WORK ORDER – Whenever a line in the entries below contains the string "union", copy that line.

(Stored data)
◇ ◇ ◇

lemma sum_decomposable_direct_sum:
  assumes "\<sigma> \<in> perms a" "\<tau> \<in> perms b" "0 < a" "0 < b"
  shows "sum_decomposable (direct_sum \<sigma> \<tau>)"
proof -
  have "length \<sigma> = a" "length \<tau> = b" "set \<sigma> = {1..a}"
    using assms(1,2) perms_length unfolding perms_def by auto
  then show ?thesis
    unfolding sum_decomposable_def direct_sum_def using assms(3,4) by (intro exI[of _ a]) simp
qed

lemma direct_sum_prefix_decomposable:
  assumes "direct_sum \<sigma> \<tau> = direct_sum \<sigma>' \<tau>'" "\<sigma> \<in> perms a" "\<sigma>' \<in> perms a'" "0 < a" "a < a'"
  shows "sum_decomposable \<sigma>'"
proof -
  have "length \<sigma> = a" "length \<sigma>' = a'"
    using assms(2,3) perms_length by auto
  then have "take a (direct_sum \<sigma> \<tau>) = \<sigma>" "take a (direct_sum \<sigma>' \<tau>') = take a \<sigma>'"
    using assms(5) by (simp_all add: direct_sum_def)
  then have "take a \<sigma>' = \<sigma>"
    using assms(1) by simp
  then show ?thesis
    unfolding sum_decomposable_def using assms(2,4,5) \<open>length \<sigma>' = a'\<close>
    by (intro exI[of _ a]) (simp add: perms_def)
qed

lemma direct_sum_indecomposable_inj:
  assumes eq: "direct_sum \<sigma> \<tau> = direct_sum \<sigma>' \<tau>'"
    and perms: "\<sigma> \<in> perms a" "\<sigma>' \<in> perms a'" "0 < a" "0 < a'"
    and indec: "\<not> sum_decomposable \<sigma>" "\<not> sum_decomposable \<sigma>'"
  shows "a = a'" "\<sigma> = \<sigma>'" "\<tau> = \<tau>'"
proof -
  show "a = a'"
    using direct_sum_prefix_decomposable[OF eq perms(1,2)]
      direct_sum_prefix_decomposable[OF eq[symmetric] perms(2,1)] perms(3,4) indec
    by (meson linorder_neqE_nat)
  then show "\<sigma> = \<sigma>'"
    using arg_cong[OF eq, of "take a"] perms perms_length by (simp add: direct_sum_def)
  show "\<tau> = \<tau>'"
    using arg_cong[OF eq, of "drop a"] \<open>a = a'\<close> perms perms_length
    by (simp add: direct_sum_def inj_map_eq_map inj_on_def)
qed

lemma sum_decomposableE:
  assumes sep: "\<pi> \<in> sep_perms n" and dec: "sum_decomposable \<pi>"
  obtains k \<sigma> \<tau> where "k \<in> {1..<n}" "\<sigma> \<in> sep_sum_indecomposables k" "\<tau> \<in> sep_perms (n - k)"
    "\<pi> = direct_sum \<sigma> \<tau>"
proof -
  have perm: "\<pi> \<in> perms n"
    using sep by (rule sep_perms_perms)
  define Q where "Q k \<longleftrightarrow> 0 < k \<and> k < n \<and> set (take k \<pi>) = {1..k}" for k
  define k where "k = (LEAST k. Q k)"
  have "Q k"
    using dec perms_length[OF perm] LeastI_ex[of Q] unfolding k_def Q_def sum_decomposable_def by auto
  then have k: "0 < k" "k < n" "set (take k \<pi>) = {1..k}"
    unfolding Q_def by simp_all
  define \<sigma> \<tau> where "\<sigma> = take k \<pi>" and "\<tau> = map (\<lambda>x. x - k) (drop k \<pi>)"
  have parts: "\<sigma> \<in> perms k" "\<tau> \<in> perms (n - k)" "direct_sum \<sigma> \<tau> = \<pi>"
    using direct_sum_split[OF perm _ k(3)] k(2) unfolding \<sigma>_def \<tau>_def by simp_all
  then have sep_parts: "\<sigma> \<in> sep_perms k" "\<tau> \<in> sep_perms (n - k)"
    using sep_perms_direct_sum_parts[of \<sigma> \<tau> k "n - k"] sep k(2) by simp_all
  have "\<not> sum_decomposable \<sigma>"
  proof
    assume "sum_decomposable \<sigma>"
    then obtain j where "0 < j" "j < k" "set (take j \<sigma>) = {1..j}"
      unfolding sum_decomposable_def using parts(1) perms_length by auto
    then have "Q j"
      using k(2) unfolding Q_def \<sigma>_def by simp
    then show False
      using not_less_Least[of j Q] \<open>j < k\<close> unfolding k_def by blast
  qed
  then show thesis
    using that[of k \<sigma> \<tau>] k sep_parts parts(3) unfolding sep_sum_indecomposables_def by simp
qed

lemma bij_betw_direct_sum:
  "bij_betw (\<lambda>(a, \<sigma>, \<tau>). direct_sum \<sigma> \<tau>)
     (SIGMA a:{1..<n}. sep_sum_indecomposables a \<times> sep_perms (n - a))
     {\<pi> \<in> sep_perms n. sum_decomposable \<pi>}"
proof (rule bij_betw_imageI)
  show "inj_on (\<lambda>(a, \<sigma>, \<tau>). direct_sum \<sigma> \<tau>) (SIGMA a:{1..<n}. sep_sum_indecomposables a \<times> sep_perms (n - a))"
  proof (rule inj_onI)
    fix x y
    assume "x \<in> (SIGMA a:{1..<n}. sep_sum_indecomposables a \<times> sep_perms (n - a))"
      and "y \<in> (SIGMA a:{1..<n}. sep_sum_indecomposables a \<times> sep_perms (n - a))"
      and xy: "(\<lambda>(a, \<sigma>, \<tau>). direct_sum \<sigma> \<tau>) x = (\<lambda>(a, \<sigma>, \<tau>). direct_sum \<sigma> \<tau>) y"
    moreover obtain a \<sigma> \<tau> a' \<sigma>' \<tau>' where x: "x = (a, \<sigma>, \<tau>)" and y: "y = (a', \<sigma>', \<tau>')"
      using prod_cases3 by metis
    ultimately have "direct_sum \<sigma> \<tau> = direct_sum \<sigma>' \<tau>'" "\<sigma> \<in> perms a" "\<sigma>' \<in> perms a'" "0 < a" "0 < a'"
      "\<not> sum_decomposable \<sigma>" "\<not> sum_decomposable \<sigma>'"
      unfolding sep_sum_indecomposables_def sep_perms_def by auto
    then show "x = y"
      unfolding x y using direct_sum_indecomposable_inj by blast
  qed
  show "(\<lambda>(a, \<sigma>, \<tau>). direct_sum \<sigma> \<tau>) ` (SIGMA a:{1..<n}. sep_sum_indecomposables a \<times> sep_perms (n - a))
      = {\<pi> \<in> sep_perms n. sum_decomposable \<pi>}"
  proof (intro equalityI subsetI)
    fix \<pi> assume "\<pi> \<in> (\<lambda>(a, \<sigma>, \<tau>). direct_sum \<sigma> \<tau>) ` (SIGMA a:{1..<n}. sep_sum_indecomposables a \<times> sep_perms (n - a))"
    then obtain a \<sigma> \<tau> where \<pi>: "\<pi> = direct_sum \<sigma> \<tau>" and a: "0 < a" "a < n"
      and \<sigma>: "\<sigma> \<in> sep_perms a" and \<tau>: "\<tau> \<in> sep_perms (n - a)"
      unfolding sep_sum_indecomposables_def by (auto simp: Suc_le_eq)
    have "\<pi> \<in> sep_perms n"
      using sep_perms_direct_sum[OF \<sigma> \<tau>] a unfolding \<pi> by simp
    moreover have "sum_decomposable \<pi>"
      unfolding \<pi> using sum_decomposable_direct_sum[of \<sigma> a \<tau> "n - a"] \<sigma> \<tau> a
      by (simp add: sep_perms_perms)
    ultimately show "\<pi> \<in> {\<pi> \<in> sep_perms n. sum_decomposable \<pi>}"
      by simp
  next
    fix \<pi> assume "\<pi> \<in> {\<pi> \<in> sep_perms n. sum_decomposable \<pi>}"
    then have "\<pi> \<in> sep_perms n" "sum_decomposable \<pi>"
      by simp_all
    then obtain k \<sigma> \<tau> where "k \<in> {1..<n}" "\<sigma> \<in> sep_sum_indecomposables k" "\<tau> \<in> sep_perms (n - k)"
      and "\<pi> = direct_sum \<sigma> \<tau>"
      by (rule sum_decomposableE)
    then show "\<pi> \<in> (\<lambda>(a, \<sigma>, \<tau>). direct_sum \<sigma> \<tau>) ` (SIGMA a:{1..<n}. sep_sum_indecomposables a \<times> sep_perms (n - a))"
      by (intro image_eqI[of _ _ "(k, \<sigma>, \<tau>)"]) simp_all
  qed
qed

text \<open>
  Obtained from the direct-sum decomposition by reversal, so the \<ominus>-indecomposable block
  comes last; for the generating functions the order of the factors does not matter.
\<close>

lemma bij_betw_skew_sum:
  "bij_betw (\<lambda>(a, \<sigma>, \<tau>). skew_sum \<sigma> \<tau>)
     (SIGMA a:{1..<n}. sep_perms a \<times> sep_skew_indecomposables (n - a))
     {\<pi> \<in> sep_perms n. skew_decomposable \<pi>}"
proof -
  have rev_indec: "\<tau> \<in> sep_sum_indecomposables m \<longleftrightarrow> rev \<tau> \<in> sep_skew_indecomposables m" for \<tau> m
    using sum_decomposable_rev[of "rev \<tau>" m] sep_perms_perms
    unfolding sep_sum_indecomposables_def sep_skew_indecomposables_def by auto
  define swap where "swap = (\<lambda>(a, \<sigma> :: nat list, \<tau> :: nat list). (n - a, rev \<tau>, rev \<sigma>))"
  have "bij_betw swap (SIGMA a:{1..<n}. sep_perms a \<times> sep_skew_indecomposables (n - a))
      (SIGMA a:{1..<n}. sep_sum_indecomposables a \<times> sep_perms (n - a))"
    by (rule bij_betw_byWitness[where f' = swap]) (auto simp: swap_def rev_indec)
  moreover note bij_betw_direct_sum[of n]
  moreover have "bij_betw rev {\<pi> \<in> sep_perms n. sum_decomposable \<pi>} {\<pi> \<in> sep_perms n. skew_decomposable \<pi>}"
    using sum_decomposable_rev[of "rev _" n] sep_perms_perms
    by (intro bij_betw_byWitness[where f' = rev]) auto
  ultimately have "bij_betw (rev \<circ> (\<lambda>(a, \<sigma>, \<tau>). direct_sum \<sigma> \<tau>) \<circ> swap)
      (SIGMA a:{1..<n}. sep_perms a \<times> sep_skew_indecomposables (n - a))
      {\<pi> \<in> sep_perms n. skew_decomposable \<pi>}"
    by (blast intro: bij_betw_trans)
  moreover have "rev \<circ> (\<lambda>(a, \<sigma>, \<tau>). direct_sum \<sigma> \<tau>) \<circ> swap = (\<lambda>(a, \<sigma>, \<tau>). skew_sum \<sigma> \<tau>)"
    by (auto simp: swap_def rev_direct_sum)
  ultimately show ?thesis
    by simp
qed

section \<open>The descent generating function\<close>

lemma des_Cons: "des (x # xs) = des xs + (if xs \<noteq> [] \<and> hd xs < x then 1 else 0)"
proof -
  let ?S = "{i. Suc i < length xs \<and> xs ! Suc i < xs ! i}"
  have eq: "{i. Suc i < length (x # xs) \<and> (x # xs) ! Suc i < (x # xs) ! i}
     = (if xs \<noteq> [] \<and> hd xs < x then {0} else {}) \<union> Suc ` ?S"
  proof (rule set_eqI)
    fix i
    show "i \<in> {i. Suc i < length (x # xs) \<and> (x # xs) ! Suc i < (x # xs) ! i}
        \<longleftrightarrow> i \<in> (if xs \<noteq> [] \<and> hd xs < x then {0} else {}) \<union> Suc ` ?S"
      by (cases i) (auto simp: hd_conv_nth)
  qed
  have "finite ?S"
    by (rule finite_subset[of _ "{..<length xs}"]) auto
  then show ?thesis
    unfolding des_def eq by (simp add: card_image)
qed

lemma des_append:
  "des (xs @ ys) = des xs + des ys + (if xs \<noteq> [] \<and> ys \<noteq> [] \<and> hd ys < last xs then 1 else 0)"
proof (induction xs)
  case (Cons x xs)
  then show ?case
    by (cases "xs = []") (simp_all add: des_Cons)
qed (simp add: des_def)

lemma des_map_strict_mono:
  assumes "strict_mono_on (set xs) h"
  shows "des (map h xs) = des xs"
proof -
  have "map h xs ! Suc i < map h xs ! i \<longleftrightarrow> xs ! Suc i < xs ! i" if "Suc i < length xs" for i
    using strict_mono_on_less[OF assms] that by simp
  then show ?thesis
    unfolding des_def length_map by (intro arg_cong[where f = card] Collect_cong) blast
qed

lemma des_direct_sum:
  assumes "\<sigma> \<in> perms a" "\<tau> \<in> perms b" "0 < a" "0 < b"
  shows "des (direct_sum \<sigma> \<tau>) = des \<sigma> + des \<tau>"
proof -
  have "\<sigma> \<noteq> []" "\<tau> \<noteq> []" "length \<sigma> = a"
    using assms perms_length by fastforce+
  moreover have "last \<sigma> \<le> a"
    using perms_nth[OF assms(1), of "a - 1"] \<open>\<sigma> \<noteq> []\<close> \<open>length \<sigma> = a\<close> assms(3)
    by (simp add: last_conv_nth)
  ultimately show ?thesis
    unfolding direct_sum_def
    by (simp add: des_append des_map_strict_mono strict_mono_on_def hd_map)
qed

lemma des_skew_sum:
  assumes "\<sigma> \<in> perms a" "\<tau> \<in> perms b" "0 < a" "0 < b"
  shows "des (skew_sum \<sigma> \<tau>) = des \<sigma> + des \<tau> + 1"
proof -
  have "\<sigma> \<noteq> []" "\<tau> \<noteq> []" "length \<tau> = b"
    using assms perms_length by fastforce+
  moreover have "hd \<tau> \<le> b" "1 \<le> last \<sigma>"
    using perms_nth[OF assms(2), of 0] perms_nth[OF assms(1), of "a - 1"] \<open>\<tau> \<noteq> []\<close> \<open>\<sigma> \<noteq> []\<close>
      perms_length[OF assms(1)] assms(3,4) by (simp_all add: hd_conv_nth last_conv_nth)
  ultimately show ?thesis
    unfolding skew_sum_def
    by (simp add: des_append des_map_strict_mono strict_mono_on_def last_map)
qed

definition descent_poly :: "nat list set \<Rightarrow> int poly" where
  "descent_poly S = (\<Sum>\<pi>\<in>S. monom 1 (des \<pi>))"

lemma descent_poly_decomposition:
  fixes n :: nat
  assumes bij: "bij_betw (\<lambda>(a, \<sigma>, \<tau>). f \<sigma> \<tau>) (SIGMA a:{1..<n}. S a \<times> T (n - a)) D"
    and des: "\<And>a \<sigma> \<tau>. a \<in> {1..<n} \<Longrightarrow> \<sigma> \<in> S a \<Longrightarrow> \<tau> \<in> T (n - a) \<Longrightarrow> des (f \<sigma> \<tau>) = des \<sigma> + des \<tau> + c"
    and fin: "\<And>a. finite (S a)" "\<And>a. finite (T a)"
  shows "descent_poly D = monom (1::int) c * (\<Sum>a\<in>{1..<n}. descent_poly (S a) * descent_poly (T (n - a)))"
proof -
  have "descent_poly D = (\<Sum>x\<in>(SIGMA a:{1..<n}. S a \<times> T (n - a)). monom 1 (des ((\<lambda>(a, \<sigma>, \<tau>). f \<sigma> \<tau>) x)))"
    unfolding descent_poly_def by (rule sum.reindex_bij_betw[OF bij, symmetric])
  also have "\<dots> = (\<Sum>(a, \<sigma>, \<tau>)\<in>(SIGMA a:{1..<n}. S a \<times> T (n - a)). monom 1 (des (f \<sigma> \<tau>)))"
    by (rule sum.cong) (auto split: prod.splits)
  also have "\<dots> = (\<Sum>a\<in>{1..<n}. \<Sum>(\<sigma>, \<tau>)\<in>S a \<times> T (n - a). monom 1 (des (f \<sigma> \<tau>)))"
    by (subst sum.Sigma) (auto simp: fin)
  also have "\<dots> = (\<Sum>a\<in>{1..<n}. \<Sum>\<sigma>\<in>S a. \<Sum>\<tau>\<in>T (n - a). monom (1::int) c * (monom 1 (des \<sigma>) * monom 1 (des \<tau>)))"
  proof (intro sum.cong refl)
    fix a assume "a \<in> {1..<n}"
    then have "(\<Sum>(\<sigma>, \<tau>)\<in>S a \<times> T (n - a). monom 1 (des (f \<sigma> \<tau>)))
        = (\<Sum>(\<sigma>, \<tau>)\<in>S a \<times> T (n - a). monom (1::int) c * (monom 1 (des \<sigma>) * monom 1 (des \<tau>)))"
      by (intro sum.cong refl) (auto simp: des mult_monom add_ac)
    then show "(\<Sum>(\<sigma>, \<tau>)\<in>S a \<times> T (n - a). monom 1 (des (f \<sigma> \<tau>)))
        = (\<Sum>\<sigma>\<in>S a. \<Sum>\<tau>\<in>T (n - a). monom (1::int) c * (monom 1 (des \<sigma>) * monom 1 (des \<tau>)))"
      by (simp add: sum.cartesian_product)
  qed
  also have "\<dots> = monom (1::int) c * (\<Sum>a\<in>{1..<n}. descent_poly (S a) * descent_poly (T (n - a)))"
    unfolding descent_poly_def sum_product by (simp only: sum_distrib_left)
  finally show ?thesis .
qed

◇ ◇ ◇

EXERCISE RESPONSE –
     = (if xs \<noteq> [] \<and> hd xs < x then {0} else {}) \<union> Suc ` ?S"
        \<longleftrightarrow> i \<in> (if xs \<noteq> [] \<and> hd xs < x then {0} else {}) \<union> Suc ` ?S"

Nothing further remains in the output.